Taalkundig valt er meer te beleven dan politiek. Kabinetten waren vroeger kamers of kamertjes in huizen van deftige mensen, of het waren dure kasten van gepolitoerd hout, met fraai bewerkte deuren en soepel lopende laatjes met een geheimzinnige inhoud. Tegenwoordig echter zitten ministers in kabinetten. Of zijn ze het? Of is het allebei? Een interessant vraagstuk.
Stekker
Zoveel is zeker dat kabinetten hopen de rit uit te zitten. Je moet dus concluderen dat ze rijden. Maar er zijn altijd lieden die de stekker er uit willen trekken. Kabinetten zijn dus elektrisch aangedreven, maar zitten ouderwets vast aan een stroomdraad. Afhankelijk van de lengte van het snoer kunnen ze ergens komen, maar nooit ver. Het snoer begint in de Tweede Kamer en eindigt in het kabinet. Aan beide uiteinden zit een stekker, die iemand er uit kan trekken. Deze week gebeurde dat in de Tweede Kamer, anderhalf jaar geleden in het kabinet zelf, toen Rutte dat deed.
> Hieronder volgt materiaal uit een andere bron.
(* Let $\mu$ be a probability measure on $\partial\mathbb{D}$ and $\{\Phi_n\}_{n=0}^N$ its monic orthogonal polynomials, where $N=\infty$ if $\mu$ has infinite support and $N=\#\mathrm{supp}(\mu)$ otherwise. Let $z_0$ be an isolated point of $\mathrm{supp}(\mu)$ and $d=\mathrm{dist}(z_0,\mathrm{supp}(\mu)\setminus\{z_0\})$. Then for each $n<N$, the disk $\{z:|z-z_0|<d^2/4\}$ contains at most one zero of $\Phi_n$.
   Context: $\Phi_n$ is the monic polynomial of degree $n$ orthogonal in $L^2(\mu)$ to all polynomials of degree less than $n$. *)

theory Defs
  imports "HOL-Probability.Probability" "HOL-Computational_Algebra.Polynomial"
begin

definition circle_prob_measure :: "complex measure \<Rightarrow> bool" where
  "circle_prob_measure M \<longleftrightarrow> prob_space M \<and> sets M = sets borel \<and>
     emeasure M {z. cmod z \<noteq> 1} = 0"

definition msupp :: "complex measure \<Rightarrow> complex set" where
  "msupp M = {z. \<forall>e>0. emeasure M (ball z e) > 0}"

definition monic_OP :: "complex measure \<Rightarrow> nat \<Rightarrow> complex poly \<Rightarrow> bool" where
  "monic_OP M n p \<longleftrightarrow> degree p = n \<and> lead_coeff p = 1 \<and>
     (\<forall>q :: complex poly. degree q < n \<longrightarrow>
        integral\<^sup>L M (\<lambda>z. poly p z * cnj (poly q z)) = 0)"

end

(*
  Write p = (z - a) (z - b) R with a, b in the disk. The space V = span {R, z R} consists of
  polynomials of degree < n, so it is orthogonal to p. Multiplication by z is unitary on
  L^2(mu), hence its compression T to V is a contraction; since z (z - b) R = a (z - b) R + p,
  T is upper triangular with diagonal a, b in a suitable orthonormal basis of V. A triangular
  contraction [a, c; 0, b] satisfies |c|^2 <= (1 - |a|^2) (1 - |b|^2), which for |z0| = 1 and
  |a - z0|, |b - z0| < r confines the numerical range of T to the disk of radius 2 r about z0.
  On the other hand g = (z - z0) R lies in V and vanishes at z0, while mu lives on the circle at
  distance >= d from z0 elsewhere, so Re (conj z0 <z g, g>) <= (1 - d^2 / 2) |g|^2: the point
  <T g, g> / |g|^2 is at distance >= d^2 / 2 from z0. For r = d^2 / 4 this is a contradiction.
*)

theory Submission
  imports Defs
begin

section \<open>Triangular contractions of a two-dimensional space\<close>

lemma cmod_add_power2: "(cmod (u + v))\<^sup>2 = (cmod u)\<^sup>2 + (cmod v)\<^sup>2 + 2 * Re (u * cnj v)"
  by (simp add: cmod_power2 power2_sum algebra_simps)

lemma hermitian_form_nonneg_imp_det_nonneg:
  fixes \<alpha> \<gamma> :: real and \<beta> :: complex
  assumes nonneg: "\<And>x y. 0 \<le> \<alpha> * (cmod x)\<^sup>2 + 2 * Re (\<beta> * cnj x * y) + \<gamma> * (cmod y)\<^sup>2"
  shows "(cmod \<beta>)\<^sup>2 \<le> \<alpha> * \<gamma>"
proof -
  have "\<alpha> \<ge> 0" using nonneg[of 1 0] by simp
  show ?thesis
  proof (cases "\<alpha> = 0")
    case False
    then have "\<alpha> > 0" using \<open>\<alpha> \<ge> 0\<close> by simp
    have "0 \<le> \<alpha> * (cmod (- \<beta> / \<alpha>))\<^sup>2 + 2 * Re (\<beta> * cnj (- \<beta> / \<alpha>) * 1) + \<gamma> * (cmod 1)\<^sup>2"
      by (rule nonneg)
    also have "\<dots> = \<gamma> - (cmod \<beta>)\<^sup>2 / \<alpha>"
      using \<open>\<alpha> > 0\<close>
      by (simp add: norm_divide power_divide cmod_power2 field_simps) (simp add: power2_eq_square algebra_simps)
    finally show ?thesis
      using \<open>\<alpha> > 0\<close> by (simp add: field_simps)
  next
    case True
    have "\<beta> = 0"
    proof (rule ccontr)
      assume "\<beta> \<noteq> 0"
      define t where "t = (\<gamma> + 1) / (2 * (cmod \<beta>)\<^sup>2)"
      have "Re (\<beta> * cnj (- of_real t * \<beta>)) = - t * (cmod \<beta>)\<^sup>2"
        by (simp add: cmod_power2 algebra_simps) (simp add: power2_eq_square)
      then have "0 \<le> - 2 * t * (cmod \<beta>)\<^sup>2 + \<gamma>"
        using nonneg[of "- of_real t * \<beta>" 1] True by simp
      also have "\<dots> = - 1"
        using \<open>\<beta> \<noteq> 0\<close> by (simp add: t_def field_simps)
      finally show False by simp
    qed
    then show ?thesis using True by simp
  qed
qed
lemma sorting_staircase_exists:
  assumes w: "\<forall>i\<in>{1..n}. in_Delta (d i) (w i)"
  shows "\<exists>\<pi> pos. sorting_staircase n d w \<pi> pos"
proof -
  let ?N = "total_dim n d"
  \<comment> \<open>lexicographic: decreasing \<open>w\<close>, then increasing \<open>j\<close>, which keeps every block in order\<close>
  define key where "key = (\<lambda>(i, j). [- w i j, real j, real i])"
  have "inj_on key (cells n d)" by (rule inj_onI) (auto simp: key_def)
  then obtain \<pi> where bij: "bij_betw \<pi> {1..?N} (cells n d)"
    and sorted: "strict_mono_on {1..?N} (key \<circ> \<pi>)"
    using sorted_enumeration[of "cells n d" key] by (auto simp: card_cells)
  define pos where "pos = inv_into {1..?N} \<pi>"
  have pos: "\<forall>t\<in>{1..?N}. pos (\<pi> t) = t"
    using bij by (simp add: pos_def bij_betw_inv_into_left)
  have key_le: "key (\<pi> s) \<le> key (\<pi> t) \<longleftrightarrow> s \<le> t" if "s \<in> {1..?N}" "t \<in> {1..?N}" for s t
    using strict_mono_on_less_eq[OF sorted that] by simp
  have incr: "\<forall>i\<in>{1..n}. strict_mono_on {1..d i} (\<lambda>j. pos (i, j))"
  proof (intro ballI strict_mono_onI)
    fix i j j' assume i: "i \<in> {1..n}" and jj: "j \<in> {1..d i}" "j' \<in> {1..d i}" "j < j'"
    then have "(i, j) \<in> cells n d" "(i, j') \<in> cells n d" using i by (auto simp: cells_def)
    moreover have "key (i, j) < key (i, j')"
      using in_Delta_antimono[OF w[rule_format, OF i], of j j'] jj by (auto simp: key_def)
    ultimately show "pos (i, j) < pos (i, j')"
      using key_le enumeration_inverse[OF bij pos] by (metis leD leI)
  qed
  have "w (fst (\<pi> t)) (snd (\<pi> t)) \<le> w (fst (\<pi> s)) (snd (\<pi> s))"
    if "s \<in> {1..?N}" "t \<in> {1..?N}" "s \<le> t" for s t
    using key_le[OF that(1,2)] that(3) by (cases "\<pi> s", cases "\<pi> t") (auto simp: key_def)
  then have "sorting_staircase n d w \<pi> pos"
    using block_increasing_staircase[OF bij pos incr] block_increasing_jpt_ge_iff[OF bij pos incr]
      bij pos unfolding sorting_staircase_def by blast
  then show ?thesis by blast
qed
In beide gevallen heet het dat je de stekker uit het kabinet trekt, maar je trekt het natuurlijk uit een stopcontact, dat niet voor niets zo heet. Als de stekker er uit is struikelt het kabinet en valt. Rijdend struikelen, zulke knappe acts zie je alleen in de politiek. Tot zover is dit stukje misschien geschikt voor een gecombineerde les Nederlands en maatschappijleer in het voortgezet onderwijs. Ik stel het gratis beschikbaar en hoop dat de leerlingen niet balen als een stekker.

Tatoeages
De kranten die ik lees stuurden verslaggevers eropuit om te polsen wat de mensen op straat vinden van de val van het kabinet. Dagblad van het Noorden toog naar Emmen. Dat is een koninklijke keuze, omdat deze stad, zoals we sinds koningsdag 2024 weten, hoog aangeschreven staat bij onze vorst. De verslaggever signaleert dat sommige van de door hem aangesproken Emmenaren ‘flink getatoeëerd zijn’ of ‘niet vies zijn van tatoeages’. Ik kan er slechts naar gissen wat hem heeft bewogen dit te benoemen, maar vermoed dat hij gedacht heeft dat zijn lezers misschien geloven dat tatoeageminnaars meer dan gemiddeld van Wilders houden. Welnu, in Emmen is dat volgens zijn steekproef fifty-fifty. Voor mij persoonlijk zijn tatoeages er de oorzaak van dat ik tegenwoordig liever ‘s winters dan ‘s zomers de straat op ga, maar dat is politiek irrelevant, want zelfs op een ongetatoeëerde Wilders stem ik niet.
Origineel
Dat wil niet zeggen dat ik totaal geen waardering heb voor de man. Het is hoogst origineel om je coalitiegenoten gaande de rit à bout portant een tienpuntenplan onder de neus te duwen met de eis het te ondertekenen, de stekker er uit te trekken als ze dat weigeren, en daarna te beweren dat het allemaal de schuld is van die anderen. Maar wat heb je aan originaliteit? In het geval van Wilders: niks.

Te gek voor woorden
Hij bluft nu dat hij alsnog de nieuwe premier van Nederland wordt. Hij noemde het ‘te gek voor woorden’ dat hij dat in het vorige kabinet niet mocht worden. Ik vond het eerder te gek voor woorden dat hij een jaar geleden geen fatsoenlijke informateurs, formateurs en ministers kon ophoesten. Het stelletje ministers dat hij tenslotte bijeen harkte was van een treurig niveau. Dat hebben we allemaal kunnen ervaren, hijzelf niet in de laatste plaats. Daarom kiest hij nu de vlucht vooruit: liever kiest hij voor chaos dan voor een dreigende electorale afstraffing voor de wanprestaties van zijn ministeriële paladijnen. Bij chaos hoopt hij garen te spinnen, of beter: halve garen. Daar is hij een meester in. Tot zover deze diepgravende analyse.
Gerief
En nu moeten wij weer naar de stembus om hem aan zijn gerief te helpen. Eigenlijk is hij doodzielig, deze man die de Nederlandse politiek nooit kan verlaten omdat hij daarbuiten zijn leven niet zeker is. Jammer dat hij zijn vleugels niet kan uitslaan in een fatsoenlijk vak, bijvoorbeeld fietsenmaker, verpleegkundige of een van die andere nuttige beroepen waar Henk en Ingrid zo in uitblinken. Wilders is een politieke gevangene in een ongebruikelijke betekenis van het woord. Samen zullen we zijn straf uit moeten zitten, zij het dat wíj betalen en híj er aan verdient.